A second, related inquiry is this: why is the U.S. political system, which is supposed to manage or resolve these conflicts, failing to do so? What are the structural deficiencies of this system and how can they be remedied? We can start by recognizing that people generally want their government to be both effective and participatory. Effective means that an administration works actively to solve the problems that interfere with achieving public order, freedom, and social justice. Participatory means that the government responds to forces operating from the bottom or middle up, rather than just taking orders from an economic elite or giving orders as a political elite. We need to talk together in local, regional, and national gatherings about how to reconstruct a system that lacks both effectiveness and participation.

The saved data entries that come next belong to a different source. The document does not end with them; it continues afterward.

definition conv_in_prob :: "'b measure \<Rightarrow> (nat \<Rightarrow> 'b \<Rightarrow> 'a::metric_space) \<Rightarrow> ('b \<Rightarrow> 'a) \<Rightarrow> bool" where
  "conv_in_prob M Z Z0 \<longleftrightarrow>
     (\<forall>e>0. (\<lambda>n. measure M {\<omega> \<in> space M. dist (Z n \<omega>) (Z0 \<omega>) > e}) \<longlonglongrightarrow> 0)"

definition weak_conv_measures :: "(nat \<Rightarrow> 'a::metric_space measure) \<Rightarrow> 'a measure \<Rightarrow> bool" where
  "weak_conv_measures \<mu> \<nu> \<longleftrightarrow>
     (\<forall>f :: 'a \<Rightarrow> real. continuous_on UNIV f \<and> bounded (range f) \<longrightarrow>
        (\<lambda>n. integral\<^sup>L (\<mu> n) f) \<longlonglongrightarrow> integral\<^sup>L \<nu> f)"

end

theory Submission imports Defs begin

text \<open>
  Every subsequence of the indices has a further subsequence along which, by Riesz's theorem,
  \<open>Y\<^sub>n \<rightarrow> Y\<^sub>0\<close> and \<open>\<rho>\<^sub>n(Y\<^sub>n) \<rightarrow> p\<close> almost surely. Since \<open>\<rho>\<^sub>n(Y\<^sub>n) \<ge> 0\<close> and
  \<open>E \<rho>\<^sub>n(Y\<^sub>n) = 1 = E p\<close>, Scheff\'e's lemma upgrades the second convergence to \<open>L\<^sup>1\<close>, so
  for bounded continuous \<open>f\<close>
  \<open>\<integral> f dP\<^sub>X\<^sub>n = E[\<rho>\<^sub>n(Y\<^sub>n) f(Y\<^sub>n)] \<rightarrow> E[p f(Y\<^sub>0)] = E[E(p | Y\<^sub>0) f(Y\<^sub>0)]\<close>.
  A real sequence all of whose subsequences have such convergent sub-subsequences converges.
\<close>

lemma LIMSEQ_subsubseq:
  fixes a :: "nat \<Rightarrow> 'a::metric_space"
  assumes "\<And>r::nat \<Rightarrow> nat. strict_mono r \<Longrightarrow> \<exists>s::nat \<Rightarrow> nat. strict_mono s \<and> (\<lambda>n. a (r (s n))) \<longlonglongrightarrow> L"
  shows "a \<longlonglongrightarrow> L"
proof (rule ccontr)
  assume "\<not> a \<longlonglongrightarrow> L"
  then obtain e where "e > 0" and far: "\<And>N. \<exists>n\<ge>N. dist (a n) L \<ge> e"
    unfolding LIMSEQ_def by (auto simp: not_less)
  define S where "S = {n. dist (a n) L \<ge> e}"
  have "infinite S"
    unfolding S_def infinite_nat_iff_unbounded_le using far by auto
  define r where "r = enumerate S"
  have "strict_mono r" and r_in_S: "\<And>n. r n \<in> S"
    unfolding r_def using strict_mono_enumerate enumerate_in_set \<open>infinite S\<close> by auto
  obtain s where "(\<lambda>n. a (r (s n))) \<longlonglongrightarrow> L"
    using assms[OF \<open>strict_mono r\<close>] by blast
  then obtain n where "dist (a (r (s n))) L < e"
    using \<open>e > 0\<close> unfolding LIMSEQ_def by blast
  with r_in_S[of "s n"] show False
    by (simp add: S_def)
qed
lemma double_code_row:
  "double_code n S \<Longrightarrow> k < n \<Longrightarrow> x \<in> words n \<Longrightarrow>
    count4 (\<lambda>a. x[k := a] \<in> S) = 0 \<or> count4 (\<lambda>a. x[k := a] \<in> S) = 2"
  unfolding double_code_iff_rows by blast

lemma double_MDS_code_row:
  "double_MDS_code n M \<Longrightarrow> k < n \<Longrightarrow> x \<in> words n \<Longrightarrow> count4 (\<lambda>a. x[k := a] \<in> M) = 2"
  unfolding double_MDS_code_iff_rows by blast

lemma complementable_imp_double_code: "complementable n S \<Longrightarrow> double_code n S"
  unfolding complementable_def by blast

lemma double_code_subset_words: "double_code n S \<Longrightarrow> S \<subseteq> words n"
  unfolding double_code_def by blast

lemma double_MDS_code_imp_double_code: "double_MDS_code n M \<Longrightarrow> double_code n M"
  unfolding double_MDS_code_def double_code_def by blast

lemma double_MDS_code_Diff_words:
  assumes "double_MDS_code n M"
  shows "double_MDS_code n (words n - M)"
  unfolding double_MDS_code_iff_rows
proof safe
  fix k x assume "k < n" "x \<in> words n"
  then have "count4 (\<lambda>a. x[k := a] \<in> words n - M) = count4 (\<lambda>a. x[k := a] \<notin> M)"
    by (intro count4_cong) (simp add: update_words)
  then show "count4 (\<lambda>a. x[k := a] \<in> words n - M) = 2"
    using count4_not[of "\<lambda>a. x[k := a] \<in> M"] double_MDS_code_row[OF assms \<open>k < n\<close> \<open>x \<in> words n\<close>]
    by simp
qed

lemma double_code_row_not_full:
  assumes "double_code n S" "k < n" "x \<in> words n"
  shows "\<exists>a<4. x[k := a] \<notin> S"
  using double_code_row[OF assms] count4_not[of "\<lambda>a. x[k := a] \<in> S"]
    count4_eq_0_iff[of "\<lambda>a. x[k := a] \<notin> S"] by auto

lemma double_code_subset_row_eq:
  assumes "double_code n X" "double_code n T" "X \<subseteq> T" "k < n" "x \<in> words n"
    and "a < 4" "x[k := a] \<in> X" "b < 4"
  shows "x[k := b] \<in> X \<longleftrightarrow> x[k := b] \<in> T"
proof (rule count4_eq_imp_eq)
  have "count4 (\<lambda>a. x[k := a] \<in> X) \<noteq> 0" and "count4 (\<lambda>a. x[k := a] \<in> T) \<noteq> 0"
    using assms(3,6,7) by (auto simp: count4_eq_0_iff)
  then show "count4 (\<lambda>a. x[k := a] \<in> X) = count4 (\<lambda>a. x[k := a] \<in> T)"
    using double_code_row[OF assms(1,4,5)] double_code_row[OF assms(2,4,5)] by auto
qed (use assms in auto)

definition ext_dir :: "nat \<Rightarrow> nat \<Rightarrow> nat list set \<Rightarrow> nat list set" where
  "ext_dir n k S = {y \<in> words n. \<exists>a<4. y[k := a] \<in> S}"

definition bs_dir :: "nat \<Rightarrow> nat \<Rightarrow> nat list set \<Rightarrow> nat list set" where
  "bs_dir n k S = ext_dir n k S - S"

lemma ext_i_eq_ext_dir:
  assumes "i \<in> {1..n}"
  shows "ext_i n i S = ext_dir n (i - 1) S"
proof
  show "ext_i n i S \<subseteq> ext_dir n (i - 1) S"
    unfolding ext_i_def iline_def ext_dir_def by (auto simp: update_words)
next
  show "ext_dir n (i - 1) S \<subseteq> ext_i n i S"
  proof
    fix y assume "y \<in> ext_dir n (i - 1) S"
    then obtain a where y: "y \<in> words n" "a < 4" "y[i - 1 := a] \<in> S"
      unfolding ext_dir_def by blast
    let ?L = "{y[i - 1 := b] | b. b < 4}"
    have "iline n i ?L" unfolding iline_def using assms y(1) by blast
    moreover have "y \<in> ?L"
      using nth_words[OF y(1)] assms by (intro CollectI exI[of _ "y ! (i - 1)"]) auto
    moreover have "?L \<inter> S \<noteq> {}" using y by blast
    ultimately show "y \<in> ext_i n i S" unfolding ext_i_def by blast
  qed
qed

lemma bs_i_eq_bs_dir: "i \<in> {1..n} \<Longrightarrow> bs_i n i S = bs_dir n (i - 1) S"
  unfolding bs_i_def bs_dir_def by (simp add: ext_i_eq_ext_dir)

lemma subset_ext_dir: "S \<subseteq> words n \<Longrightarrow> k < n \<Longrightarrow> S \<subseteq> ext_dir n k S"
  unfolding ext_dir_def using nth_words by fastforce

The problem is that political institutions designed to manage conflicts and make policies in times of relative domestic peace, when there are few serious divisions of opinion, may break down when confronted by intense and long-lasting differences of the sort that now divide so many Americans. The two-party system, for example, seems to work best when there is considerable overlap between the political coalitions that constitute each party, since this permits relative “moderates” on each side to negotiate and reach compromise agreements. When the coalitions do not overlap and the parties separate ideologically, what stabilized the system in more peaceful times can turn out to be a source of instability, like an ocean liner’s stabilizers capsizing the ship in a heavy storm. In heavy political storms, some people believe that a multi-party system provides a better basis for governing effectively than a two-party system, since it may help satisfy people’s needs for effective government and meaningful participation.

Let’s talk about the two party system, but also about institutions like the American system of campaign financing, widely considered to be a thinly disguised form of officially sanctioned bribery. People interested in renovating democracy could also reconsider our winner-take-all voting systems, which prevent political minorities from sharing power (or, in the case of the electoral vote system, which disempower electoral majorities!). Would more participatory systems, like the cumulative voting used in some states and nations, be an improvement?

Finally, such discussions could be expanded well beyond electoral issues. For example, we know there are non-adversarial methods of problem solving, open to public participation, which may work better in some situations than the traditional methods of power politics. How might we move from a win-lose political culture towards cooperative problem solving?

I don’t have convincing answers to such questions. The only thing I’m certain of, in the words of the late Joan Rivers, is that “We need to talk” – and not just about Donald Trump’s foibles! The controversial presidential campaign and Mr. Trump’s activities in office have generated a great wave of political anxiety and interest in the country, but unless his opponents find ways to focus their thinking on a discrete number of vital issues – and unless they begin to discover creative, practical solutions to underlying systemic problems – the wave could leave them beached. (Remember the Occupy movement.)

Resist what needs to be resisted? Certainly! But, whatever else happens, let’s start talking now about what we are for, not just what we are against – that is about transformative solutions to real social problems.